--- Task directions ---
Would you reproduce exactly the lines below from the one holding "secular_cofactor = count_list" through the one holding "using poly_secular_poly_node[OF finite_support]", inclusive, and no others?

--- The records ---
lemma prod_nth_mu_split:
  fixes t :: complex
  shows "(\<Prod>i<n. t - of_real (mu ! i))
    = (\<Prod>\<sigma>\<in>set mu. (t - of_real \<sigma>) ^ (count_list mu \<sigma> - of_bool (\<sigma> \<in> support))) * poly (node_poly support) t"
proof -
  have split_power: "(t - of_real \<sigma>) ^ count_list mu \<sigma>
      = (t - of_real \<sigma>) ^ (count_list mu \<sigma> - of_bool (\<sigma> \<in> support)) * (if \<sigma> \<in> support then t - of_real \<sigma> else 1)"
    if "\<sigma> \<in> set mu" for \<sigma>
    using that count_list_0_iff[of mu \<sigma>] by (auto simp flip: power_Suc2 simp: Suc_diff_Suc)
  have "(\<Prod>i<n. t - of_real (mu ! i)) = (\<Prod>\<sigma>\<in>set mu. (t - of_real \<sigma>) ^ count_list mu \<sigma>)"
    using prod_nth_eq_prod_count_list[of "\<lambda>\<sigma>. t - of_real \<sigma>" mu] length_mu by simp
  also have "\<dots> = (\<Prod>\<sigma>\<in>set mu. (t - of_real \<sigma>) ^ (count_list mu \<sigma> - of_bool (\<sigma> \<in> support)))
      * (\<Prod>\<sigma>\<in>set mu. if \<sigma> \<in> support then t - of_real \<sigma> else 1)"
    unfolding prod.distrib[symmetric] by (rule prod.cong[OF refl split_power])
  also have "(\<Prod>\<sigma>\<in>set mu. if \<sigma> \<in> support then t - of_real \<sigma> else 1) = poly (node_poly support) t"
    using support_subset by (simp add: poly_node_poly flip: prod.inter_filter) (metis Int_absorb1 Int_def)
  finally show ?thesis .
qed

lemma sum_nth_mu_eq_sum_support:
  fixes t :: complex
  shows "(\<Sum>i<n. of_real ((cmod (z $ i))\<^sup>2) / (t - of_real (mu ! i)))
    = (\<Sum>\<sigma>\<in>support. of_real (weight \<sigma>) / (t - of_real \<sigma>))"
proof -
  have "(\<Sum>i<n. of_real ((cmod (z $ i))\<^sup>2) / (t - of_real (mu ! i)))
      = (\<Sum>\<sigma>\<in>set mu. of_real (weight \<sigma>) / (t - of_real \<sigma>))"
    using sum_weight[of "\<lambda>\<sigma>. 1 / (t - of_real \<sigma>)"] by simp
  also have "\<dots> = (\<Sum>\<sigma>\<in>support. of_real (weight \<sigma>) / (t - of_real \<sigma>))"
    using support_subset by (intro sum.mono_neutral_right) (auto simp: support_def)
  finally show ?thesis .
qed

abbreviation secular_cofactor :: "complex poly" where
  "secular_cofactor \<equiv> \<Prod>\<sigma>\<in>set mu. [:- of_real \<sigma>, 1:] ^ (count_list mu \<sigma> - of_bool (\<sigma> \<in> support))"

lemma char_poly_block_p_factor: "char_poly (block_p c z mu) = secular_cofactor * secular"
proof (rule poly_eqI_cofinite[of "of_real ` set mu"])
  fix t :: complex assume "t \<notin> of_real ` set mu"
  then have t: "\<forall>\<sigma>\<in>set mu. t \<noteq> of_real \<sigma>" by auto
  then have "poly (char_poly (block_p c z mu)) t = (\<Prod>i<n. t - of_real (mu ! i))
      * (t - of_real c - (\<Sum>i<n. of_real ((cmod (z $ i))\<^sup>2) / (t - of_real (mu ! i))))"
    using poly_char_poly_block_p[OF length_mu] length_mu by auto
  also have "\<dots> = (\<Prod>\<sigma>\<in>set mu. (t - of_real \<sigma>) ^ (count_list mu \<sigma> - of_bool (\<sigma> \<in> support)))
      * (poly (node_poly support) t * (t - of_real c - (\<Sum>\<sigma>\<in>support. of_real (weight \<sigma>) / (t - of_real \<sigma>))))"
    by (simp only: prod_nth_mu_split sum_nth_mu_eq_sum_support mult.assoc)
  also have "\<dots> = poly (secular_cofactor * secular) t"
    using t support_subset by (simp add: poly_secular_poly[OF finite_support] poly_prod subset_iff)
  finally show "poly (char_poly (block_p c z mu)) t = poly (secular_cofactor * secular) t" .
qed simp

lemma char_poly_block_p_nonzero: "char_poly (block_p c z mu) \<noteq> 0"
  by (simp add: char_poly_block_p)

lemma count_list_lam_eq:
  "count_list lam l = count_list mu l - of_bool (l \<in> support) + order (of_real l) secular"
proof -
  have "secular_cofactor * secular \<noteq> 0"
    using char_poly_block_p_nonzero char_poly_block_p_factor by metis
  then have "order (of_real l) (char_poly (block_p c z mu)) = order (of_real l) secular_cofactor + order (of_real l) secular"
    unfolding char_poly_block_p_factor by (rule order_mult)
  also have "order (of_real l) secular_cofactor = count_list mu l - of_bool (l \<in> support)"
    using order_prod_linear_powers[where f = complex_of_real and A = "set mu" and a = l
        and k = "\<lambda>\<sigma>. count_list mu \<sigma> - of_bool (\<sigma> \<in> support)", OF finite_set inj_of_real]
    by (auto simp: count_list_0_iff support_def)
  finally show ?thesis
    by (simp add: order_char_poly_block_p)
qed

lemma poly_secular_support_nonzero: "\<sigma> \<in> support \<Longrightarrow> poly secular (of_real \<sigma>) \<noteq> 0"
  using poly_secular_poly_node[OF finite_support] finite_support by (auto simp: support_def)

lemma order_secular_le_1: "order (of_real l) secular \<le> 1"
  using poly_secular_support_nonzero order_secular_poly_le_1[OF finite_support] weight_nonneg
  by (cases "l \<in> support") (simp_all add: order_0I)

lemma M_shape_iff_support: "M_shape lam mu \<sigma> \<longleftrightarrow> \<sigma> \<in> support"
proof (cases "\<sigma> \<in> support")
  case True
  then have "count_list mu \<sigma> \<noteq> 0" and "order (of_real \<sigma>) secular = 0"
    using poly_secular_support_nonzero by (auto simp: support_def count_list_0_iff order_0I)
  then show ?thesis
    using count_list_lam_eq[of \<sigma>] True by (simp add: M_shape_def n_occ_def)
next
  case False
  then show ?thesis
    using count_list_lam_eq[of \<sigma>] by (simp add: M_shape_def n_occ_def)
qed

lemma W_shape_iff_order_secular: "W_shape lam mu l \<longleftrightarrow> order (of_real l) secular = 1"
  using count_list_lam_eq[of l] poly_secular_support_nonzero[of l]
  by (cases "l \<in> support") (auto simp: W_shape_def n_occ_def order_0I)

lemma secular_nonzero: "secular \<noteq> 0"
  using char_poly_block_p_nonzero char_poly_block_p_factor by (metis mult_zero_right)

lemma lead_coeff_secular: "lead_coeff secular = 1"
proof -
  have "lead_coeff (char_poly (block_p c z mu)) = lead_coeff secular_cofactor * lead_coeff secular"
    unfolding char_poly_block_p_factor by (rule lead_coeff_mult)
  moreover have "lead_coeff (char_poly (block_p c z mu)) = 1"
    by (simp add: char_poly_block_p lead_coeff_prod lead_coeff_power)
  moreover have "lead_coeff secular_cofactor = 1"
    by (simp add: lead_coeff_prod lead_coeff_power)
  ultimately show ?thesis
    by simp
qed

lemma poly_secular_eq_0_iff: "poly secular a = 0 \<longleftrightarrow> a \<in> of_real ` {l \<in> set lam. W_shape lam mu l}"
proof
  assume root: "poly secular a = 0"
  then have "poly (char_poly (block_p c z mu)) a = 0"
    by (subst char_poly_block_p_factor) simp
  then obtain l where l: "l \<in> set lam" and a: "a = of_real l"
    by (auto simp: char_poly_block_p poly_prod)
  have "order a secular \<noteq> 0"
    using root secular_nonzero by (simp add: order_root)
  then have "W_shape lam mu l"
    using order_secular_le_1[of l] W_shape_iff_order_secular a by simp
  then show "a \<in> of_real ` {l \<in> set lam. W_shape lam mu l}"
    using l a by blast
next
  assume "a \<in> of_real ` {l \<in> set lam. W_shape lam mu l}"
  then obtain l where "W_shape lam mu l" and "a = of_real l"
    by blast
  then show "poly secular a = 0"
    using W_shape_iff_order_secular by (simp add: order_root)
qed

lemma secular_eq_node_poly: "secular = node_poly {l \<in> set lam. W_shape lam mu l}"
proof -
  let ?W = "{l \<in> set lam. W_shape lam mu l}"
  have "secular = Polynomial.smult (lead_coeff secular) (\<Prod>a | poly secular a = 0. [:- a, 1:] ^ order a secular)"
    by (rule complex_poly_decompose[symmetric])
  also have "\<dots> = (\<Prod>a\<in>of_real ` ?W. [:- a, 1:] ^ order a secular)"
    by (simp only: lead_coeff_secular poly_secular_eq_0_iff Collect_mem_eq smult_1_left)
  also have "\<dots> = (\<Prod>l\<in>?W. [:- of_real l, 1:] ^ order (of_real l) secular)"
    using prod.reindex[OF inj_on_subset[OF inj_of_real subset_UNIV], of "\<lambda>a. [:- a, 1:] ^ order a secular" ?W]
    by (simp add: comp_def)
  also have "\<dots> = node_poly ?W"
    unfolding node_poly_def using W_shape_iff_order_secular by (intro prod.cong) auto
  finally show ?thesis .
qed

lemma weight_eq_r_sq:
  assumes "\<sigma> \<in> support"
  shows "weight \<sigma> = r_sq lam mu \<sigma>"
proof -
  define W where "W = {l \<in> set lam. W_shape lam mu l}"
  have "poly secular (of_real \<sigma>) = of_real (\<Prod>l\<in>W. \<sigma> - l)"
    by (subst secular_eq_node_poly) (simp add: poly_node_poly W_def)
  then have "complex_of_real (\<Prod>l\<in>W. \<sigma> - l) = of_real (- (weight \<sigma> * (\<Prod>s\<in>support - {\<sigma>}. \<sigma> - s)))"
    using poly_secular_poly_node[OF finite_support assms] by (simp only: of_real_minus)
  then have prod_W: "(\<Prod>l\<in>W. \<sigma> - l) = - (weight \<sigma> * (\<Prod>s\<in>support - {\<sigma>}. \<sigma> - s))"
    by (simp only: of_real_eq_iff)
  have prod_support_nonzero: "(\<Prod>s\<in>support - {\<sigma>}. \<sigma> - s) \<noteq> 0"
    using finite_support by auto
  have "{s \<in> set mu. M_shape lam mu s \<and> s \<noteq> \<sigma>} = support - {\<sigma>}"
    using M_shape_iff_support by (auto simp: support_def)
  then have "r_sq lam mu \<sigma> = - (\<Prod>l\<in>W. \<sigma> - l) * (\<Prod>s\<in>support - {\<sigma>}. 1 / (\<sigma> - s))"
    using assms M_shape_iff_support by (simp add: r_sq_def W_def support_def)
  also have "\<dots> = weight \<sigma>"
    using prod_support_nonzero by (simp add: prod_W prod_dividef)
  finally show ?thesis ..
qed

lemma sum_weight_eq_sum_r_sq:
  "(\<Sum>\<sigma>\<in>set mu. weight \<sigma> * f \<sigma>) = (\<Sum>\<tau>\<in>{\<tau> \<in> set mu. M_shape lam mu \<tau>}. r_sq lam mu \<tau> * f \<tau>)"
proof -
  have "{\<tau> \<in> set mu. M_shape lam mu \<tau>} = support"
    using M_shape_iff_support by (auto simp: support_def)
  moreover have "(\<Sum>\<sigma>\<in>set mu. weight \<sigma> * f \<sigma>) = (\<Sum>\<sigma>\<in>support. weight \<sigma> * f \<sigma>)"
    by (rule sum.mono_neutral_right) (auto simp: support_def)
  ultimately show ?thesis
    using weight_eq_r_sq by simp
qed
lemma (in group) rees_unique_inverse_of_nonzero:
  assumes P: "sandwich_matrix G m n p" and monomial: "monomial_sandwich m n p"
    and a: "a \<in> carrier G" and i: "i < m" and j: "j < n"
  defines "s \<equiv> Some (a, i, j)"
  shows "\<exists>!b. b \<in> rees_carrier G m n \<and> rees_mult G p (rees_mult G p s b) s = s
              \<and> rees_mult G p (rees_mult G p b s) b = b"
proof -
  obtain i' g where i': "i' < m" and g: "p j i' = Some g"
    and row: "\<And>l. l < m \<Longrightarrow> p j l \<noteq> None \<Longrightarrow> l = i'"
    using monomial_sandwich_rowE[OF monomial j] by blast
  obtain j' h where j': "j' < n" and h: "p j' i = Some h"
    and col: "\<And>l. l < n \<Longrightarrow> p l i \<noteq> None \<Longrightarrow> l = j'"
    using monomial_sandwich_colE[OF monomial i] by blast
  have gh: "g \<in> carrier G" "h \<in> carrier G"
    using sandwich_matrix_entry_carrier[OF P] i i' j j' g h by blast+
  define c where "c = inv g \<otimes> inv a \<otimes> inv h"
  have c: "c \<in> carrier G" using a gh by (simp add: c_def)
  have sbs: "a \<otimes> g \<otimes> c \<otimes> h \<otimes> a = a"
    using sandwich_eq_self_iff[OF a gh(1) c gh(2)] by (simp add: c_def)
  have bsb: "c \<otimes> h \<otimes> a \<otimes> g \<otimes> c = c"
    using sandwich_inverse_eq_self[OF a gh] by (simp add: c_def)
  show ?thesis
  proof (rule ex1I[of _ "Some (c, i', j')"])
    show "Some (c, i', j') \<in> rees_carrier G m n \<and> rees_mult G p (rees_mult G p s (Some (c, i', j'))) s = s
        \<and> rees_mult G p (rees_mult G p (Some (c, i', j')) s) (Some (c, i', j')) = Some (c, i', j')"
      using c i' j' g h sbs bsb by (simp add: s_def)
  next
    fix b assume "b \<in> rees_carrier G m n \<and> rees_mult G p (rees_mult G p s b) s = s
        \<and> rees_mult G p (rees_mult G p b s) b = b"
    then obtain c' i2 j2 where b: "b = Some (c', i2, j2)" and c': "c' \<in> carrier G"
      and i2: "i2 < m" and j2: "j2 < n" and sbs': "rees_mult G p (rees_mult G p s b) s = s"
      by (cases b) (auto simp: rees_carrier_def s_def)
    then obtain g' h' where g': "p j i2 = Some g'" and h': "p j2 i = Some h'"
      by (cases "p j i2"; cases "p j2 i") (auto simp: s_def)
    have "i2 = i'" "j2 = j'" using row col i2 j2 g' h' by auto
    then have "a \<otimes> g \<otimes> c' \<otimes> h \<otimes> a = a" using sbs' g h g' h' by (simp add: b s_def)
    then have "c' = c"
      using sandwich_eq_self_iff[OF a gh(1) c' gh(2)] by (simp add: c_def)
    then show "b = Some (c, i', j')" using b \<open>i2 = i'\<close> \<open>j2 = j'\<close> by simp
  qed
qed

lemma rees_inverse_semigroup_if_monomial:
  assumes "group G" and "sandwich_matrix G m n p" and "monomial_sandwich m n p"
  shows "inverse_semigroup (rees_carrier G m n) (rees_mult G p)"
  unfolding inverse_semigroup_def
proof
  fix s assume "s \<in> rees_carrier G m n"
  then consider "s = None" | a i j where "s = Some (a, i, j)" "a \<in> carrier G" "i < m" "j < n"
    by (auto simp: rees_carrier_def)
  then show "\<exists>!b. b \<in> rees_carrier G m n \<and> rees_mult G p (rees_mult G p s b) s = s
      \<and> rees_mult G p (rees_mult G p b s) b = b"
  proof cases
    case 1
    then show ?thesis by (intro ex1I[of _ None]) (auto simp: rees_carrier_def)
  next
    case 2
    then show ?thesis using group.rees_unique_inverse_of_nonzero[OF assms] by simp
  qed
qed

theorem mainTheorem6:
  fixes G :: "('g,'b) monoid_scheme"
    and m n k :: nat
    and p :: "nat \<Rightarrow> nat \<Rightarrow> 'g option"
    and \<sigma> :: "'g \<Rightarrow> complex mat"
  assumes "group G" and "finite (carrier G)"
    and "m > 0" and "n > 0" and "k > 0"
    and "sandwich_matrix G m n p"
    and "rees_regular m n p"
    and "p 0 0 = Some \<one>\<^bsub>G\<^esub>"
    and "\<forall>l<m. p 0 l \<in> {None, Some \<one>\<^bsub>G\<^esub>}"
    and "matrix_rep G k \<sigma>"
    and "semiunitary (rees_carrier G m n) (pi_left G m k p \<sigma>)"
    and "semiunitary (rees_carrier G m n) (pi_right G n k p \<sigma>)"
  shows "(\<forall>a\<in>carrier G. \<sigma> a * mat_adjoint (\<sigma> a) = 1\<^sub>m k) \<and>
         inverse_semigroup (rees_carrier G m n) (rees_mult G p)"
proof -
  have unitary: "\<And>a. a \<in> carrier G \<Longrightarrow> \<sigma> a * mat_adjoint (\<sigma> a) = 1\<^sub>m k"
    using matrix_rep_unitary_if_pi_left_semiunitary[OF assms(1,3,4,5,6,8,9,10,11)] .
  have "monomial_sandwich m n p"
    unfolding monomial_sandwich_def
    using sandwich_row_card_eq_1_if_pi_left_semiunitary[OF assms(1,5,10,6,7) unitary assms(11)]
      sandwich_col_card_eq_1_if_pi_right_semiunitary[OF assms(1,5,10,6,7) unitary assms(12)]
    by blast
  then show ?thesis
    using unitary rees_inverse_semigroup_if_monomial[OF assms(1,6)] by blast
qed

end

--- Task solution ---
  also have "order (of_real l) secular_cofactor = count_list mu l - of_bool (l \<in> support)"
    using order_prod_linear_powers[where f = complex_of_real and A = "set mu" and a = l
        and k = "\<lambda>\<sigma>. count_list mu \<sigma> - of_bool (\<sigma> \<in> support)", OF finite_set inj_of_real]
    by (auto simp: count_list_0_iff support_def)
  finally show ?thesis
    by (simp add: order_char_poly_block_p)
qed

lemma poly_secular_support_nonzero: "\<sigma> \<in> support \<Longrightarrow> poly secular (of_real \<sigma>) \<noteq> 0"
  using poly_secular_poly_node[OF finite_support] finite_support by (auto simp: support_def)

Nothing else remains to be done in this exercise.